EXERCISE INSTRUCTIONS: The entries below must be restated word for word.

INFORMATION SUPPLIED:
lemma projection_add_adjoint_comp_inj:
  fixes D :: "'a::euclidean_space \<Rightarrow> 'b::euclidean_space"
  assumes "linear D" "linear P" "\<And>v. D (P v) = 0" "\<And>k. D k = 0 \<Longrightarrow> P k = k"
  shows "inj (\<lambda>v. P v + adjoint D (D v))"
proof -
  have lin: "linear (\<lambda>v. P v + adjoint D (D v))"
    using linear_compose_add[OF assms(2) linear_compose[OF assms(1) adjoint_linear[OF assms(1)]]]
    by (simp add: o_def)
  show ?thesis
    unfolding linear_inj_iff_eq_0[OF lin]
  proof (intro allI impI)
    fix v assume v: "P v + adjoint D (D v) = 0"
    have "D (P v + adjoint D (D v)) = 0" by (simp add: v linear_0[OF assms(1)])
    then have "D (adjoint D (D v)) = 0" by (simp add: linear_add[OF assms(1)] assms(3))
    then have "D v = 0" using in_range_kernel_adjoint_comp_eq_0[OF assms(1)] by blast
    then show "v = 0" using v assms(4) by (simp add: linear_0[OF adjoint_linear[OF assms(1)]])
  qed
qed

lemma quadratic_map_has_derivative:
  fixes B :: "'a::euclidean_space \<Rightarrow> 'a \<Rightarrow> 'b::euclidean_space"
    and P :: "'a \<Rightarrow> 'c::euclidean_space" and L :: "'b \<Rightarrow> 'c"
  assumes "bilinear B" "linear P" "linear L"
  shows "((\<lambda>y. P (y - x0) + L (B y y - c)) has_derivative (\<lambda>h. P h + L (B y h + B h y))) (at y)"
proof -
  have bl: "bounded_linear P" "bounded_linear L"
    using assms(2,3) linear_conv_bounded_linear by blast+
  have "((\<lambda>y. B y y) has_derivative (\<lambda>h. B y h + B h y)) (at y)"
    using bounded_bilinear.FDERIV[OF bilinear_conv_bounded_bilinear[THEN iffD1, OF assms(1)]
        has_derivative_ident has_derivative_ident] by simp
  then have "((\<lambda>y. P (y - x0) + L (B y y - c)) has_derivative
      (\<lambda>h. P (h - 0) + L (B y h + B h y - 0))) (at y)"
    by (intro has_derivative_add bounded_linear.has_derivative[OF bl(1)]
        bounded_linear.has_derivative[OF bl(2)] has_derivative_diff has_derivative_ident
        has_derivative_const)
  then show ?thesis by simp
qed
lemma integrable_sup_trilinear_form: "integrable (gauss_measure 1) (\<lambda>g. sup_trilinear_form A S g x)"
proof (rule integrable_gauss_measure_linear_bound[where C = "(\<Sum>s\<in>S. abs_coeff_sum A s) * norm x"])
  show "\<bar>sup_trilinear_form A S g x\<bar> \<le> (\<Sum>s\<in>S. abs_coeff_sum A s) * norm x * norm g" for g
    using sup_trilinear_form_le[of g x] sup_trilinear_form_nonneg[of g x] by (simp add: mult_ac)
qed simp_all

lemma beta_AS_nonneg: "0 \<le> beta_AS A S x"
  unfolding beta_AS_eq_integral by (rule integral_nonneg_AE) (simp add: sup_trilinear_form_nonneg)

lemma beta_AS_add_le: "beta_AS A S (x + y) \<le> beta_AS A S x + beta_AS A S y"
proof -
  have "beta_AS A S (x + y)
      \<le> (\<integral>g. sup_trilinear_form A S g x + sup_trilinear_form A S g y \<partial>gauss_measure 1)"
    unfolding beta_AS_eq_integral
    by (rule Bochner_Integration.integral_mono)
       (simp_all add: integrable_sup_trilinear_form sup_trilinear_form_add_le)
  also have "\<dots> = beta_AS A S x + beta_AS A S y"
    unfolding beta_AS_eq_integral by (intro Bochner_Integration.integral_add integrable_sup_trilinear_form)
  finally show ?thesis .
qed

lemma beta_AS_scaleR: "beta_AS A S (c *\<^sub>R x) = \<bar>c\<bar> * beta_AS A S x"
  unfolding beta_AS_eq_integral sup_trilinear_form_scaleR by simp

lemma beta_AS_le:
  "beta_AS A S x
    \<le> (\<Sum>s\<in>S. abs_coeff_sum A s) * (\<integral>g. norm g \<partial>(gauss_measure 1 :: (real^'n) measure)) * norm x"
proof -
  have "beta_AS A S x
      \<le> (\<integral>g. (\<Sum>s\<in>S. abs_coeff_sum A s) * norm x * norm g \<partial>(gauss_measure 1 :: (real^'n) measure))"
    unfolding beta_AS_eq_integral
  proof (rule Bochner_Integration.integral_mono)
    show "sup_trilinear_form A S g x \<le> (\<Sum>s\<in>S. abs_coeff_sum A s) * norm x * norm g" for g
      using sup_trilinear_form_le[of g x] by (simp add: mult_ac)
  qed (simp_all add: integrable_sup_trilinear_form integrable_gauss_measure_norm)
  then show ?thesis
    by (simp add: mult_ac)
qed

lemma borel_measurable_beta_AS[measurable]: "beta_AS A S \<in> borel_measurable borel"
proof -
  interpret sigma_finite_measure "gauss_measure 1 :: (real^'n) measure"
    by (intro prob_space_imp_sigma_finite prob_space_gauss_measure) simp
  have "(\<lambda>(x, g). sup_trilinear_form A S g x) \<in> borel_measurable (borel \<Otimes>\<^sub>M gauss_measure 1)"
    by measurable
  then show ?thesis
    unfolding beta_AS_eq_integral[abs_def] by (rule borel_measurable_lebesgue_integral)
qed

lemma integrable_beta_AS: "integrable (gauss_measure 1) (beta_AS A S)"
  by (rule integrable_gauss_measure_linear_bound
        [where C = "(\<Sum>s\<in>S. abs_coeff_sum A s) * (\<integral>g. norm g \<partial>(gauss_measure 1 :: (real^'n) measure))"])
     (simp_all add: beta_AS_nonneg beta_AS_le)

ANSWER SPACE:
lemma projection_add_adjoint_comp_inj:
  fixes D :: "'a::euclidean_space \<Rightarrow> 'b::euclidean_space"
  assumes "linear D" "linear P" "\<And>v. D (P v) = 0" "\<And>k. D k = 0 \<Longrightarrow> P k = k"
  shows "inj (\<lambda>v. P v + adjoint D (D v))"
proof -
  have lin: "linear (\<lambda>v. P v + adjoint D (D v))"
    using linear_compose_add[OF assms(2) linear_compose[OF assms(1) adjoint_linear[OF assms(1)]]]
    by (simp add: o_def)
  show ?thesis
    unfolding linear_inj_iff_eq_0[OF lin]
  proof (intro allI impI)
    fix v assume v: "P v + adjoint D (D v) = 0"
    have "D (P v + adjoint D (D v)) = 0" by (simp add: v linear_0[OF assms(1)])
    then have "D (adjoint D (D v)) = 0" by (simp add: linear_add[OF assms(1)] assms(3))
    then have "D v = 0" using in_range_kernel_adjoint_comp_eq_0[OF assms(1)] by blast
    then show "v = 0" using v assms(4) by (simp add: linear_0[OF adjoint_linear[OF assms(1)]])
  qed
qed

lemma quadratic_map_has_derivative:
  fixes B :: "'a::euclidean_space \<Rightarrow> 'a \<Rightarrow> 'b::euclidean_space"
    and P :: "'a \<Rightarrow> 'c::euclidean_space" and L :: "'b \<Rightarrow> 'c"
  assumes "bilinear B" "linear P" "linear L"
  shows "((\<lambda>y. P (y - x0) + L (B y y - c)) has_derivative (\<lambda>h. P h + L (B y h + B h y))) (at y)"
proof -
  have bl: "bounded_linear P" "bounded_linear L"
    using assms(2,3) linear_conv_bounded_linear by blast+
  have "((\<lambda>y. B y y) has_derivative (\<lambda>h. B y h + B h y)) (at y)"
    using bounded_bilinear.FDERIV[OF bilinear_conv_bounded_bilinear[THEN iffD1, OF assms(1)]
        has_derivative_ident has_derivative_ident] by simp
  then have "((\<lambda>y. P (y - x0) + L (B y y - c)) has_derivative
      (\<lambda>h. P (h - 0) + L (B y h + B h y - 0))) (at y)"
    by (intro has_derivative_add bounded_linear.has_derivative[OF bl(1)]
        bounded_linear.has_derivative[OF bl(2)] has_derivative_diff has_derivative_ident
        has_derivative_const)
  then show ?thesis by simp
qed
lemma integrable_sup_trilinear_form: "integrable (gauss_measure 1) (\<lambda>g. sup_trilinear_form A S g x)"
proof (rule integrable_gauss_measure_linear_bound[where C = "(\<Sum>s\<in>S. abs_coeff_sum A s) * norm x"])
  show "\<bar>sup_trilinear_form A S g x\<bar> \<le> (\<Sum>s\<in>S. abs_coeff_sum A s) * norm x * norm g" for g
    using sup_trilinear_form_le[of g x] sup_trilinear_form_nonneg[of g x] by (simp add: mult_ac)
qed simp_all

lemma beta_AS_nonneg: "0 \<le> beta_AS A S x"
  unfolding beta_AS_eq_integral by (rule integral_nonneg_AE) (simp add: sup_trilinear_form_nonneg)

lemma beta_AS_add_le: "beta_AS A S (x + y) \<le> beta_AS A S x + beta_AS A S y"
proof -
  have "beta_AS A S (x + y)
      \<le> (\<integral>g. sup_trilinear_form A S g x + sup_trilinear_form A S g y \<partial>gauss_measure 1)"
    unfolding beta_AS_eq_integral
    by (rule Bochner_Integration.integral_mono)
       (simp_all add: integrable_sup_trilinear_form sup_trilinear_form_add_le)
  also have "\<dots> = beta_AS A S x + beta_AS A S y"
    unfolding beta_AS_eq_integral by (intro Bochner_Integration.integral_add integrable_sup_trilinear_form)
  finally show ?thesis .
qed

lemma beta_AS_scaleR: "beta_AS A S (c *\<^sub>R x) = \<bar>c\<bar> * beta_AS A S x"
  unfolding beta_AS_eq_integral sup_trilinear_form_scaleR by simp

lemma beta_AS_le:
  "beta_AS A S x
    \<le> (\<Sum>s\<in>S. abs_coeff_sum A s) * (\<integral>g. norm g \<partial>(gauss_measure 1 :: (real^'n) measure)) * norm x"
proof -
  have "beta_AS A S x
      \<le> (\<integral>g. (\<Sum>s\<in>S. abs_coeff_sum A s) * norm x * norm g \<partial>(gauss_measure 1 :: (real^'n) measure))"
    unfolding beta_AS_eq_integral
  proof (rule Bochner_Integration.integral_mono)
    show "sup_trilinear_form A S g x \<le> (\<Sum>s\<in>S. abs_coeff_sum A s) * norm x * norm g" for g
      using sup_trilinear_form_le[of g x] by (simp add: mult_ac)
  qed (simp_all add: integrable_sup_trilinear_form integrable_gauss_measure_norm)
  then show ?thesis
    by (simp add: mult_ac)
qed

lemma borel_measurable_beta_AS[measurable]: "beta_AS A S \<in> borel_measurable borel"
proof -
  interpret sigma_finite_measure "gauss_measure 1 :: (real^'n) measure"
    by (intro prob_space_imp_sigma_finite prob_space_gauss_measure) simp
  have "(\<lambda>(x, g). sup_trilinear_form A S g x) \<in> borel_measurable (borel \<Otimes>\<^sub>M gauss_measure 1)"
    by measurable
  then show ?thesis
    unfolding beta_AS_eq_integral[abs_def] by (rule borel_measurable_lebesgue_integral)
qed

lemma integrable_beta_AS: "integrable (gauss_measure 1) (beta_AS A S)"
  by (rule integrable_gauss_measure_linear_bound
        [where C = "(\<Sum>s\<in>S. abs_coeff_sum A s) * (\<integral>g. norm g \<partial>(gauss_measure 1 :: (real^'n) measure))"])
     (simp_all add: beta_AS_nonneg beta_AS_le)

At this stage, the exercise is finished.